JIRA issues addressed (see http://oodt.jpl.nasa.gov/jira/browse/CDX):
CDX-43 Directory structure shouldn’t be preserved if cdxget is called without the -r parameter CDX-42 cdxget -r fails to retrieve MLS data CDX-41 cdxls -R chokes if dir size not provided
0.0.3 - Directory caching
The major feature of this release is the cdx.client.dircache module which enables local-disk caching of a subset of a remote CDX product server’s contents. It also introduces the concept of a cdx: scheme URL. Such a URL has this form:
cdx://hostname[:port]/endpoint/prod/path/to/a/directory
where hostname is the name or IP address of a CDX product server, port is an optional port number on which the server is listening, endpoint is the WebGrid service identifier (typically just the string cdx), prod is the fixed keyword prod, and path/to/a/directory is an absolute path to a directory within that product server.

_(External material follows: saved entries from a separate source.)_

(* $S$ is antimultiplicative, that is $S(ab)=S(b)S(a)$ for all $a,b\in A$.
   Context: Let $A$ be an associative algebra over a field $k$ (possibly without identity) with non-degenerate product, multiplier algebra $M(A)$ and left multipliers $L(A)$. Let $\Delta:A\to M(A\otimes A)$ be an algebra homomorphism (not necessarily coassociative) with Galois maps $T_{1}(a\otimes b)=\Delta(a)(1\otimes b)$ and $T_{2}(a\otimes b)=(a\otimes 1)\Delta(b)$ lying in $A\otimes A$, and $\varepsilon:A\to k$ linear with $(\varepsilon\otimes\iota)T_{1}(a\otimes b)=ab=(\iota\otimes\varepsilon)T_{2}(a\otimes b)$. Suppose $T_{1},T_{2}$ are bijective, $T_{1}^{-1}=(\iota\otimes\varepsilon\otimes\iota)(\iota\otimes T_{1}^{-1})(\Delta\otimes\iota)$ (left $A$-colinear) and $T_{2}^{-1}=(\iota\otimes\varepsilon\otimes\iota)(T_{2}^{-1}\otimes\iota)(\iota\otimes\Delta)$ (right $A$-colinear); i.e. $(A,\Delta)$ is a generalized multiplier Hopf coquasigroup. The map $S:A\to L(A)$ is defined by $S(a)b=(\varepsilon\otimes\iota)T_{1}^{-1}(a\otimes b)$. *)

theory Defs
  imports Main "HOL.Vector_Spaces"
begin

text \<open>
  The algebra A is a type 'a of
  class ring (associative, distributive, NO identity required) together with a scalar
  multiplication scale making it a k-vector space, the product being k-bilinear.

  An element of A (x) A is represented by a finite list of pairs
  [(a1,b1),...,(an,bn)] standing for the sum of the ai (x) bi; two lists represent
  the same tensor iff they agree under every functional f (x) g with f, g linear
  functionals on A (this is exactly equality in A (x) A, vector spaces over a field).
\<close>

definition lin_fun :: "('k::field \<Rightarrow> 'a::ab_group_add \<Rightarrow> 'a) \<Rightarrow> ('a \<Rightarrow> 'k) \<Rightarrow> bool" where
  "lin_fun scale f \<longleftrightarrow> (\<forall>x y. f (x + y) = f x + f y) \<and> (\<forall>c x. f (scale c x) = c * f x)"

definition k_algebra :: "('k::field \<Rightarrow> 'a::ring \<Rightarrow> 'a) \<Rightarrow> bool" where
  "k_algebra scale \<longleftrightarrow> vector_space scale \<and>
     (\<forall>c x y. scale c (x * y) = scale c x * y \<and> scale c (x * y) = x * scale c y)"

definition nondegenerate :: "'a::ring itself \<Rightarrow> bool" where
  "nondegenerate _ \<longleftrightarrow> (\<forall>a::'a. (\<forall>b. a * b = 0) \<longrightarrow> a = 0) \<and> (\<forall>a::'a. (\<forall>b. b * a = 0) \<longrightarrow> a = 0)"

type_synonym 'a ten = "('a \<times> 'a) list"
type_synonym 'a ten3 = "('a \<times> 'a \<times> 'a) list"

definition teq :: "('k::field \<Rightarrow> 'a::ab_group_add \<Rightarrow> 'a) \<Rightarrow> 'a ten \<Rightarrow> 'a ten \<Rightarrow> bool" where
  "teq scale t u \<longleftrightarrow> (\<forall>f g. lin_fun scale f \<longrightarrow> lin_fun scale g \<longrightarrow>
      sum_list (map (\<lambda>(x,y). f x * g y) t) = sum_list (map (\<lambda>(x,y). f x * g y) u))"

definition teq3 :: "('k::field \<Rightarrow> 'a::ab_group_add \<Rightarrow> 'a) \<Rightarrow> 'a ten3 \<Rightarrow> 'a ten3 \<Rightarrow> bool" where
  "teq3 scale t u \<longleftrightarrow> (\<forall>f g h. lin_fun scale f \<longrightarrow> lin_fun scale g \<longrightarrow> lin_fun scale h \<longrightarrow>
      sum_list (map (\<lambda>(x,y,z). f x * g y * h z) t) = sum_list (map (\<lambda>(x,y,z). f x * g y * h z) u))"

definition tmul :: "'a::ring ten \<Rightarrow> 'a ten \<Rightarrow> 'a ten" where
  "tmul t u = concat (map (\<lambda>(a,b). map (\<lambda>(c,d). (a * c, b * d)) u) t)"

definition tscale :: "('k \<Rightarrow> 'a \<Rightarrow> 'a) \<Rightarrow> 'k \<Rightarrow> 'a ten \<Rightarrow> 'a ten" where
  "tscale scale c t = map (\<lambda>(a,b). (scale c a, b)) t"

text \<open>Multipliers of A (x) A: pairs (l, r) of maps (left and right action).\<close>
type_synonym 'a mult = "('a ten \<Rightarrow> 'a ten) \<times> ('a ten \<Rightarrow> 'a ten)"

definition tlinear :: "('k::field \<Rightarrow> 'a::ring \<Rightarrow> 'a) \<Rightarrow> ('a ten \<Rightarrow> 'a ten) \<Rightarrow> bool" where
  "tlinear scale F \<longleftrightarrow> (\<forall>t u. teq scale t u \<longrightarrow> teq scale (F t) (F u)) \<and>
     (\<forall>t u. teq scale (F (t @ u)) (F t @ F u)) \<and>
     (\<forall>c t. teq scale (F (tscale scale c t)) (tscale scale c (F t)))"

definition is_mult :: "('k::field \<Rightarrow> 'a::ring \<Rightarrow> 'a) \<Rightarrow> 'a mult \<Rightarrow> bool" where
  "is_mult scale m \<longleftrightarrow> tlinear scale (fst m) \<and> tlinear scale (snd m) \<and>
     (\<forall>x y. teq scale (tmul x (fst m y)) (tmul (snd m x) y))"

definition meq :: "('k::field \<Rightarrow> 'a::ring \<Rightarrow> 'a) \<Rightarrow> 'a mult \<Rightarrow> 'a mult \<Rightarrow> bool" where
  "meq scale m n \<longleftrightarrow> (\<forall>y. teq scale (fst m y) (fst n y) \<and> teq scale (snd m y) (snd n y))"

definition madd :: "'a mult \<Rightarrow> 'a mult \<Rightarrow> 'a mult" where
  "madd m n = ((\<lambda>y. fst m y @ fst n y), (\<lambda>y. snd m y @ snd n y))"

definition mscale :: "('k \<Rightarrow> 'a \<Rightarrow> 'a) \<Rightarrow> 'k \<Rightarrow> 'a mult \<Rightarrow> 'a mult" where
  "mscale scale c m = ((\<lambda>y. tscale scale c (fst m y)), (\<lambda>y. tscale scale c (snd m y)))"

definition mmul :: "'a mult \<Rightarrow> 'a mult \<Rightarrow> 'a mult" where
  "mmul m n = (fst m \<circ> fst n, snd n \<circ> snd m)"

definition memb :: "'a::ring ten \<Rightarrow> 'a mult" where
  "memb x = ((\<lambda>y. tmul x y), (\<lambda>y. tmul y x))"

definition one_ten :: "'a::ring \<Rightarrow> 'a mult" where
  "one_ten b = ((\<lambda>y. map (\<lambda>(p,q). (p, b * q)) y), (\<lambda>y. map (\<lambda>(p,q). (p, q * b)) y))"

definition ten_one :: "'a::ring \<Rightarrow> 'a mult" where
  "ten_one a = ((\<lambda>y. map (\<lambda>(p,q). (a * p, q)) y), (\<lambda>y. map (\<lambda>(p,q). (p * a, q)) y))"

definition alg_hom_mult :: "('k::field \<Rightarrow> 'a::ring \<Rightarrow> 'a) \<Rightarrow> ('a \<Rightarrow> 'a mult) \<Rightarrow> bool" where
  "alg_hom_mult scale \<Delta> \<longleftrightarrow> (\<forall>a. is_mult scale (\<Delta> a)) \<and>
     (\<forall>a b. meq scale (\<Delta> (a + b)) (madd (\<Delta> a) (\<Delta> b))) \<and>
     (\<forall>c a. meq scale (\<Delta> (scale c a)) (mscale scale c (\<Delta> a))) \<and>
     (\<forall>a b. meq scale (\<Delta> (a * b)) (mmul (\<Delta> a) (\<Delta> b)))"

definition lin_ext :: "('a \<Rightarrow> 'a \<Rightarrow> 'a ten) \<Rightarrow> 'a ten \<Rightarrow> 'a ten" where
  "lin_ext F t = concat (map (\<lambda>(a,b). F a b) t)"

definition tbij :: "('k::field \<Rightarrow> 'a::ab_group_add \<Rightarrow> 'a) \<Rightarrow> ('a ten \<Rightarrow> 'a ten) \<Rightarrow> bool" where
  "tbij scale F \<longleftrightarrow> (\<forall>t u. teq scale (F t) (F u) \<longrightarrow> teq scale t u) \<and> (\<forall>u. \<exists>t. teq scale (F t) u)"

definition tinv :: "('k::field \<Rightarrow> 'a::ab_group_add \<Rightarrow> 'a) \<Rightarrow> ('a ten \<Rightarrow> 'a ten) \<Rightarrow> 'a ten \<Rightarrow> 'a ten" where
  "tinv scale F u = (SOME t. teq scale (F t) u)"

definition eps_id :: "('k \<Rightarrow> 'a::monoid_add \<Rightarrow> 'a) \<Rightarrow> ('a \<Rightarrow> 'k) \<Rightarrow> 'a ten \<Rightarrow> 'a" where
  "eps_id scale \<epsilon> t = sum_list (map (\<lambda>(p,q). scale (\<epsilon> p) q) t)"

definition id_eps :: "('k \<Rightarrow> 'a::monoid_add \<Rightarrow> 'a) \<Rightarrow> ('a \<Rightarrow> 'k) \<Rightarrow> 'a ten \<Rightarrow> 'a" where
  "id_eps scale \<epsilon> t = sum_list (map (\<lambda>(p,q). scale (\<epsilon> q) p) t)"

definition id_eps_id :: "('k \<Rightarrow> 'a \<Rightarrow> 'a) \<Rightarrow> ('a \<Rightarrow> 'k) \<Rightarrow> 'a ten3 \<Rightarrow> 'a ten" where
  "id_eps_id scale \<epsilon> w = map (\<lambda>(x,y,z). (scale (\<epsilon> y) x, z)) w"

definition id_ten :: "('a ten \<Rightarrow> 'a ten) \<Rightarrow> 'a ten3 \<Rightarrow> 'a ten3" where
  "id_ten F w = concat (map (\<lambda>(x,y,z). map (\<lambda>(p,q). (x,p,q)) (F [(y,z)])) w)"

definition ten_id :: "('a ten \<Rightarrow> 'a ten) \<Rightarrow> 'a ten3 \<Rightarrow> 'a ten3" where
  "ten_id F w = concat (map (\<lambda>(x,y,z). map (\<lambda>(p,q). (p,q,z)) (F [(x,y)])) w)"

Such caching is intended to support the CCMValDiag software.
0.0.2 - Bug fix for cdxls
This release repairs a bug in cdxls that caused directories with only one item in them to not be listed properly.
0.0.1 - URL specification
This release provides support for a (-u url, –url=url) pair of command-line options that enable specification of a specific URL to use, falling back to the URL specified in the CDX_SERVER environment variable (and, if that’s unset, then http://mlscdx.jpl.nasa.gov:8080/cdx/prod). This supports two ideas suggested in CDX-16 (the first two, not the third with a cdx: style URL).
0.0.0 - Initial
This is an initial release of cdx-client supporting minimal cdxls and cdxget function.